Single-nucleotide polymorphisms reported in gastric cancer in Kashmir

SNPs in various candidate genes have been reported in gastric carcinogenesis in Kashmir. Different studies showed that SNPs at different loci near the genes such as OGG1, XRCC3, IL-1RN, XRCC2, and MMP-7 are associated with high risk of GC. Although these studies indicate the association of SNPs with GC, most of the studies lack reasonable sample size warranting replication to evaluate the association. In addition, keeping in mind this prevalence of disease in the Kashmiri population, it is critical to evaluate other candidate genes too in the population.[40],[41],[42],[44],[45]

Toll-like receptors (TLRs) play a vital role in controlling infection by H. pylori and clinical outcome of gastric cancer is also explained by it. Asp299Gly and Thr399llc polymorphism has been associated with a number of malignancies, including gastric cancer. However, in Kashmiri population, no significant association between TLR4 and IL-8 polymorphism with gastric cancer was observed.[46]

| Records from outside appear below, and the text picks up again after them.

lemma set_integral_alpha_laplace:
  fixes b c :: real
  assumes "b > 0" "c > 0"
  shows "(LBINT y:{0<..}. alpha (c * y) * exp (- b * y))
    = (LBINT t:{0<..}. sqrt c * ln (1 + t) / (8 * sqrt pi * sqrt t * sqrt (b + pi * c * t) ^ 3))"
proof -
  have "(LBINT y:{0<..}. alpha (c * y) * exp (- b * y))
      = enn2real (\<integral>\<^sup>+y. ennreal (indicator {0<..} y * (alpha (c * y) * exp (- b * y))) \<partial>lborel)"
    unfolding set_lebesgue_integral_def using assms
    by (subst integral_eq_nn_integral) (auto simp: alpha_nonneg indicator_def)
  moreover have "(LBINT t:{0<..}. sqrt c * ln (1 + t) / (8 * sqrt pi * sqrt t * sqrt (b + pi * c * t) ^ 3))
      = enn2real (\<integral>\<^sup>+t. ennreal (indicator {0<..} t *
          (sqrt c * ln (1 + t) / (8 * sqrt pi * sqrt t * sqrt (b + pi * c * t) ^ 3))) \<partial>lborel)"
    unfolding set_lebesgue_integral_def using assms
    by (subst integral_eq_nn_integral) (auto simp: indicator_def add_pos_pos)
  ultimately show ?thesis
    by (simp only: nn_integral_alpha_laplace[OF assms])
qed

lemma laplace_kernel_eq_log_weight:
  fixes n a t :: real
  assumes "n > 0" "a > 0" "t > 0"
  shows "sqrt (4 * n) * ln (1 + t) / (8 * sqrt pi * sqrt t * sqrt (4 * pi * a + pi * (4 * n) * t) ^ 3)
    = log_weight n a t / (16 * pi^2 * a)"
proof -
  have scaling: "2 * w * L / (8 * p * r * (2 * p * s) ^ 3)
      = w^2 * a / (2 * (w * r) * s ^ 3) * L / (16 * (p^2)^2 * a)"
    if "w > 0" "p > 0" "r > 0" "s > 0" for w p r s L
    using that assms(2) by (simp add: field_simps power2_eq_square power3_eq_cube)
  have "4 * pi * a + pi * (4 * n) * t = 2^2 * pi * (n * t + a)"
    by (simp add: algebra_simps)
  then have "sqrt (4 * pi * a + pi * (4 * n) * t) = 2 * sqrt pi * sqrt (n * t + a)"
    by (simp add: real_sqrt_mult)
  moreover have "sqrt (4 * n) = 2 * sqrt n" "sqrt (n * t) = sqrt n * sqrt t"
    by (simp_all add: real_sqrt_mult)
  ultimately show ?thesis
    using scaling[of "sqrt n" "sqrt pi" "sqrt t" "sqrt (n * t + a)" "ln (1 + t)"] assms
    by (simp add: log_weight_def add_pos_pos)
qed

Carcinogens such as nitrosamines are catalyzed by NQO1 and NQO2 enzymes (NADPH: quinone oxidoreductase 1 and dihydronicotinamide riboside), leading to reductive activation of these carcinogens. The genetic variants in NQO1 (609 C>T) and NQO2 (3423 G>A) showed a significant association with gastric carcinoma risk whereas there was no association between genetic variant of NQO2 and gastric cancer.[47] Genetic variants in Tp53 are found to be associated with a number of malignancies. In a study involving Kashmiri population, it was observed that genetic variant rs17878362 is strongly associated with the risk of esophageal carcinoma and gastric cancer.[48] In a case–control study (108 cases and 195 controls), the association of genetic variants in GSTM1, GSTT1, GSTP1, GSTM3, CYP1A1, and CYP2E1 genes with increased risk of gastric cancer in the Kashmiri population was evaluated. It was observed that only GSTM1 and CYP2E1C genotypes were significantly associated with increased risk of gastric cancer, and GSTM3AB showed reduced risk to gastric cancer.[49] Functional polymorphism of N-acetyltransferase-2 (NAT2) was also explored for the association of genetic variants in NAT2 gene and increased risk of gastric carcinoma. Genetic variants such as rs1799929, rs1799930, and rs1799931 in NAT2 gene were found not to be associated with the risk of gastric cancer or esophageal carcinoma, but haplotypes such as C481, A590, G857 and T481, A590, and G857 were significantly associated with the risk of esophageal carcinoma and gastric cancer.[50]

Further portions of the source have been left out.